ロイヤルアスコット開催の開幕を告げる初日の1R、古馬のマイルG1「クイーンアンS」は地元英国のバーイード(牡4、W・ハガス、父シーザスターズ)が単勝1・17倍の圧倒的な人気に応えた。鞍上はジム・クロウリーで勝ちタイムは1分37秒76。1馬身4分の3差2着にゴドルフィンのリアルワールドが入った。

先日発表された最新の「ロンジン・ワールド・ベストレースホース・ランキング」で単独1位に立っているバーイード。昨年9月のムーランドロンシャン賞でG1初制覇を果たし、クイーンエリザベス2世S、前走ロッキンジSに続き、これでG1・4連勝となった。デビューから無傷の8連勝となったパートナーを、主戦のクロウリー騎手もほめちぎった。「今日はすごい数の観衆でしたが、彼は落ち着いていました。天国から(昨年亡くなった)ハムダン殿下は笑顔で見守っているでしょう。バーイードはスーパースターです」。
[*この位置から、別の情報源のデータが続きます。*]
(* Let $K$ be a flag simplicial complex with a hereditary ordering $\succ$, and let $r$ be a positive integer. Suppose that for any two simplices $\sigma,\tau\in K$ with $\dim\sigma=\dim\tau=r$ and $\mu(\sigma)=\mu(\tau)$ we have $\sigma\cup\tau\in K$. Then for any two simplices $\sigma,\tau\in K$ with $\dim\sigma=\dim\tau>r$ and $\mu(\sigma)=\mu(\tau)$ we also have $\sigma\cup\tau\in K$.
   Context: $K$ is a finite simplicial complex (family of subsets of a finite vertex set containing $\emptyset$, closed under subsets); $\dim\sigma=|\sigma|-1$. $K$ is flag if whenever vertices $v_0,\dots,v_q$ are pairwise joined by edges of $K$, $\{v_0,\dots,v_q\}\in K$. For a strict total ordering $\succ$ of $K$ and non-empty $\sigma$, $\mu(\sigma)$ is the $\succ$-largest facet (codimension-one face) of $\sigma$; $\succ$ is hereditary if $\sigma\succ\tau$ whenever $\dim\sigma>\dim\tau$, and $\sigma\succ\tau$ whenever $\mu(\sigma)\succ\mu(\tau)$. *)

theory Defs
  imports Main
begin

definition simplicial_complex :: "'a set set \<Rightarrow> bool" where
  "simplicial_complex K \<longleftrightarrow> finite K \<and> {} \<in> K \<and> (\<forall>\<sigma>\<in>K. finite \<sigma>) \<and>
     (\<forall>\<sigma>\<in>K. \<forall>\<tau>. \<tau> \<subseteq> \<sigma> \<longrightarrow> \<tau> \<in> K)"

definition sdim :: "'a set \<Rightarrow> int" where
  "sdim \<sigma> = int (card \<sigma>) - 1"
(* Let $(N,p)$ be a majorant of a second-order polynomial $P$. Define $p_i\colon\mathbb N^{\mathbb N}\times\mathbb N\to\mathbb N$ recursively by $p_0(l,n)=p(n)$ and $p_{i+1}(l,n)=p(\max\{n,l(p_i(l,n))\})$. Then for every monotone $l\colon\mathbb N\to\mathbb N$ and every $n\in\mathbb N$, $P(l,n)\le p_N(l,n)$.
   Context: Second-order polynomials are the smallest class of functions $P\colon\mathbb N^{\mathbb N}\times\mathbb N\to\mathbb N$ that contains all $(l,n)\mapsto p(n)$ for polynomials $p$ with natural-number coefficients, and is closed under pointwise sum, pointwise product, and $P\mapsto P^+$ with $P^+(l,n)=l(P(l,n))$. A polynomial tree is a finite rooted tree in which each node is labeled by a polynomial in $\mathbb N[X_0,\ldots,X_k]$, $k$ being the number of children of that node, with the children of each node linearly ordered. Recursively assign functions to nodes: a leaf labeled $t$ gets $(l,n)\mapsto t(n)$; a node labeled $t$ with children (in order) assigned $P_1,\ldots,P_k$ gets $(l,n)\mapsto t(n,l(P_1(l,n)),\ldots,l(P_k(l,n)))$. The tree is a description of $P$ if $P$ is assigned to the root. A pair $(N,p)$ with $N\in\mathbb N$ and $p\colon\mathbb N\to\mathbb N$ is a majorant of $P$ if $p(n)\ge n$ for all $n$ and there is a description $T$ of $P$ such that $N$ is the height of $T$ (a single-node tree has height $0$) and for every $n$ and every node $t$ of $T$, $p(n)\ge t(n,\ldots,n)$. *)

theory Defs
  imports Main
begin

datatype npoly = PConst nat | PVar nat | PAdd npoly npoly | PMul npoly npoly

fun peval :: "npoly \<Rightarrow> (nat \<Rightarrow> nat) \<Rightarrow> nat" where
  "peval (PConst c) v = c"
| "peval (PVar i) v = v i"
| "peval (PAdd a b) v = peval a v + peval b v"
| "peval (PMul a b) v = peval a v * peval b v"

fun pvars :: "npoly \<Rightarrow> nat set" where
  "pvars (PConst c) = {}"
| "pvars (PVar i) = {i}"
| "pvars (PAdd a b) = pvars a \<union> pvars b"
| "pvars (PMul a b) = pvars a \<union> pvars b"

definition poly_in :: "nat \<Rightarrow> npoly \<Rightarrow> bool" where
  "poly_in k t \<longleftrightarrow> pvars t \<subseteq> {..k}"

inductive_set second_order_poly :: "((nat \<Rightarrow> nat) \<Rightarrow> nat \<Rightarrow> nat) set" where
  sop_poly: "poly_in 0 q \<Longrightarrow> (\<lambda>l n. peval q (\<lambda>_. n)) \<in> second_order_poly"
| sop_add: "P \<in> second_order_poly \<Longrightarrow> Q \<in> second_order_poly \<Longrightarrow>
      (\<lambda>l n. P l n + Q l n) \<in> second_order_poly"
| sop_mul: "P \<in> second_order_poly \<Longrightarrow> Q \<in> second_order_poly \<Longrightarrow>
      (\<lambda>l n. P l n * Q l n) \<in> second_order_poly"
| sop_plus: "P \<in> second_order_poly \<Longrightarrow> (\<lambda>l n. l (P l n)) \<in> second_order_poly"

datatype ptree = PNode npoly "ptree list"

fun ptree_wf :: "ptree \<Rightarrow> bool" where
  "ptree_wf (PNode t cs) \<longleftrightarrow> poly_in (length cs) t \<and> (\<forall>c \<in> set cs. ptree_wf c)"

fun ptree_fun :: "ptree \<Rightarrow> (nat \<Rightarrow> nat) \<Rightarrow> nat \<Rightarrow> nat" where
  "ptree_fun (PNode t cs) l n =
     (let vs = map (\<lambda>c. l (ptree_fun c l n)) cs
      in peval t (\<lambda>i. if i = 0 then n else vs ! (i - 1)))"

fun ptree_height :: "ptree \<Rightarrow> nat" where
  "ptree_height (PNode t []) = 0"
| "ptree_height (PNode t cs) = Suc (Max (set (map ptree_height cs)))"

fun ptree_labels :: "ptree \<Rightarrow> npoly set" where
  "ptree_labels (PNode t cs) = insert t (\<Union>c \<in> set cs. ptree_labels c)"

definition is_description :: "ptree \<Rightarrow> ((nat \<Rightarrow> nat) \<Rightarrow> nat \<Rightarrow> nat) \<Rightarrow> bool" where
  "is_description T P \<longleftrightarrow> ptree_wf T \<and> ptree_fun T = P"

definition is_majorant :: "nat \<Rightarrow> (nat \<Rightarrow> nat) \<Rightarrow> ((nat \<Rightarrow> nat) \<Rightarrow> nat \<Rightarrow> nat) \<Rightarrow> bool" where
  "is_majorant N p P \<longleftrightarrow> (\<forall>n. p n \<ge> n) \<and>
     (\<exists>T. is_description T P \<and> ptree_height T = N \<and>
          (\<forall>n. \<forall>t \<in> ptree_labels T. p n \<ge> peval t (\<lambda>_. n)))"

fun piter :: "(nat \<Rightarrow> nat) \<Rightarrow> nat \<Rightarrow> (nat \<Rightarrow> nat) \<Rightarrow> nat \<Rightarrow> nat" where
  "piter p 0 l n = p n"
| "piter p (Suc i) l n = p (max n (l (piter p i l n)))"

end

theory Submission
  imports Defs
begin

text \<open>Since \<open>p\<close> need not be monotone, a node of height at
  most \<open>i\<close> is bounded by \<open>p m\<close> with \<open>m\<close> the exact argument of the last \<open>p\<close> in \<open>piter p i l n\<close>:
  \<open>m = n\<close> for \<open>i = 0\<close> (a leaf), and \<open>m = max n (l (piter p k l n))\<close> for \<open>i = Suc k\<close>. Every
  variable of the node label is then at most \<open>m\<close>: \<open>X\<^sub>0\<close> is \<open>n\<close>, and a child of height at
  most \<open>k\<close> contributes \<open>l (P\<^sub>j l n) \<le> l (piter p k l n)\<close> by induction and monotonicity of \<open>l\<close>.\<close>

lemma peval_mono_on_vars:
  assumes "\<And>i. i \<in> pvars t \<Longrightarrow> v i \<le> w i"
  shows "peval t v \<le> peval t w"
  using assms by (induction t) (auto intro: add_mono mult_le_mono)

lemma ptree_height_eq_0_iff: "ptree_height (PNode t cs) = 0 \<longleftrightarrow> cs = []"
  by (cases cs) auto

lemma ptree_height_child_less:
  assumes "c \<in> set cs"
  shows "ptree_height c < ptree_height (PNode t cs)"
proof -
  obtain a cs' where cs: "cs = a # cs'" using assms by (cases cs) auto
  have "ptree_height c \<le> Max (set (map ptree_height cs))"
    using assms by (intro Max_ge) auto
  then show ?thesis unfolding cs by simp
qed

lemma ptree_fun_PNode_le:
  assumes "poly_in (length cs) t" and "n \<le> m"
    and "\<And>c. c \<in> set cs \<Longrightarrow> l (ptree_fun c l n) \<le> m"
  shows "ptree_fun (PNode t cs) l n \<le> peval t (\<lambda>_. m)"
proof -
  have "peval t (\<lambda>i. if i = 0 then n else map (\<lambda>c. l (ptree_fun c l n)) cs ! (i - 1))
        \<le> peval t (\<lambda>_. m)"
  proof (rule peval_mono_on_vars)
    fix j assume "j \<in> pvars t"
    then have "j \<le> length cs" using assms(1) by (auto simp: poly_in_def)
    then show "(if j = 0 then n else map (\<lambda>c. l (ptree_fun c l n)) cs ! (j - 1)) \<le> m"
      using assms(2,3) by (cases j) auto
  qed
  then show ?thesis by (simp add: Let_def)
qed

lemma ptree_fun_le_piter:
  assumes "ptree_wf T" and "\<And>t m. t \<in> ptree_labels T \<Longrightarrow> peval t (\<lambda>_. m) \<le> p m"
    and "mono l" and "ptree_height T \<le> i"
  shows "ptree_fun T l n \<le> piter p i l n"
  using assms
proof (induction T arbitrary: i)
  case (PNode t cs)
  have label: "poly_in (length cs) t" using PNode.prems(1) by simp
  have label_le_p: "peval t (\<lambda>_. m) \<le> p m" for m using PNode.prems(2) by simp
  show ?case
  proof (cases i)
    case 0
    then have "cs = []" using PNode.prems(4) ptree_height_eq_0_iff by simp
    then have "ptree_fun (PNode t cs) l n \<le> peval t (\<lambda>_. n)"
      using label by (intro ptree_fun_PNode_le) auto
    with label_le_p[of n] show ?thesis using 0 by simp
  next
    case (Suc k)
    define m where "m = max n (l (piter p k l n))"
    have "l (ptree_fun c l n) \<le> m" if c: "c \<in> set cs" for c
    proof -
      have "ptree_height c \<le> k"
        using ptree_height_child_less[OF c, of t] PNode.prems(4) Suc by simp
      moreover have "ptree_wf c" using PNode.prems(1) c by simp
      moreover have "peval t' (\<lambda>_. m') \<le> p m'" if "t' \<in> ptree_labels c" for t' m'
        using PNode.prems(2) c that by auto
      ultimately have "ptree_fun c l n \<le> piter p k l n"
        using PNode.IH[OF c] PNode.prems(3) by blast
      then have "l (ptree_fun c l n) \<le> l (piter p k l n)" by (rule monoD[OF PNode.prems(3)])
      then show ?thesis by (simp add: m_def)
    qed
    then have "ptree_fun (PNode t cs) l n \<le> peval t (\<lambda>_. m)"
      using label by (intro ptree_fun_PNode_le) (auto simp: m_def)
    with label_le_p[of m] show ?thesis using Suc by (simp add: m_def)
  qed
qed

theorem mainTheorem5:
  fixes P :: "(nat \<Rightarrow> nat) \<Rightarrow> nat \<Rightarrow> nat" and N :: nat and p :: "nat \<Rightarrow> nat"
  assumes "P \<in> second_order_poly"
    and "is_majorant N p P"
    and "mono l"
  shows "P l n \<le> piter p N l n"
proof -
  obtain T where T: "ptree_wf T" "ptree_fun T = P" "ptree_height T = N"
    and labels: "\<And>m t. t \<in> ptree_labels T \<Longrightarrow> peval t (\<lambda>_. m) \<le> p m"
    using assms(2) unfolding is_majorant_def is_description_def by blast
  have "ptree_fun T l n \<le> piter p N l n"
    using T(1,3) labels assms(3) by (intro ptree_fun_le_piter) auto
  then show ?thesis using T(2) by simp
qed

end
14戦無敗、12年のクイーンアンSを11馬身差で圧勝した怪物フランケルと比べる声も出てきている。テレビ中継で解説を務めたオイシン・マーフィー騎手は「バーイードにとっては調教のようでしたし、ジム(クロウリー)は素晴らしい騎手なので簡単なレースだったと思います。バーイードは次のフランケルになる可能性があります」と絶賛。“怪物フランケルの再来”が期待されるバーイードの次走は「グロリアス・グッドウッド」開催のサセックスS(G1、芝1600メートル、7月27日)が有力で、ここでは日本から遠征予定のバスラットレオン(牡4、矢作)と激突する可能性がある。その後は10ハロン路線の英インターナショナルS(G1、芝2050メートル、8月17日=ヨーク)への参戦も期待される。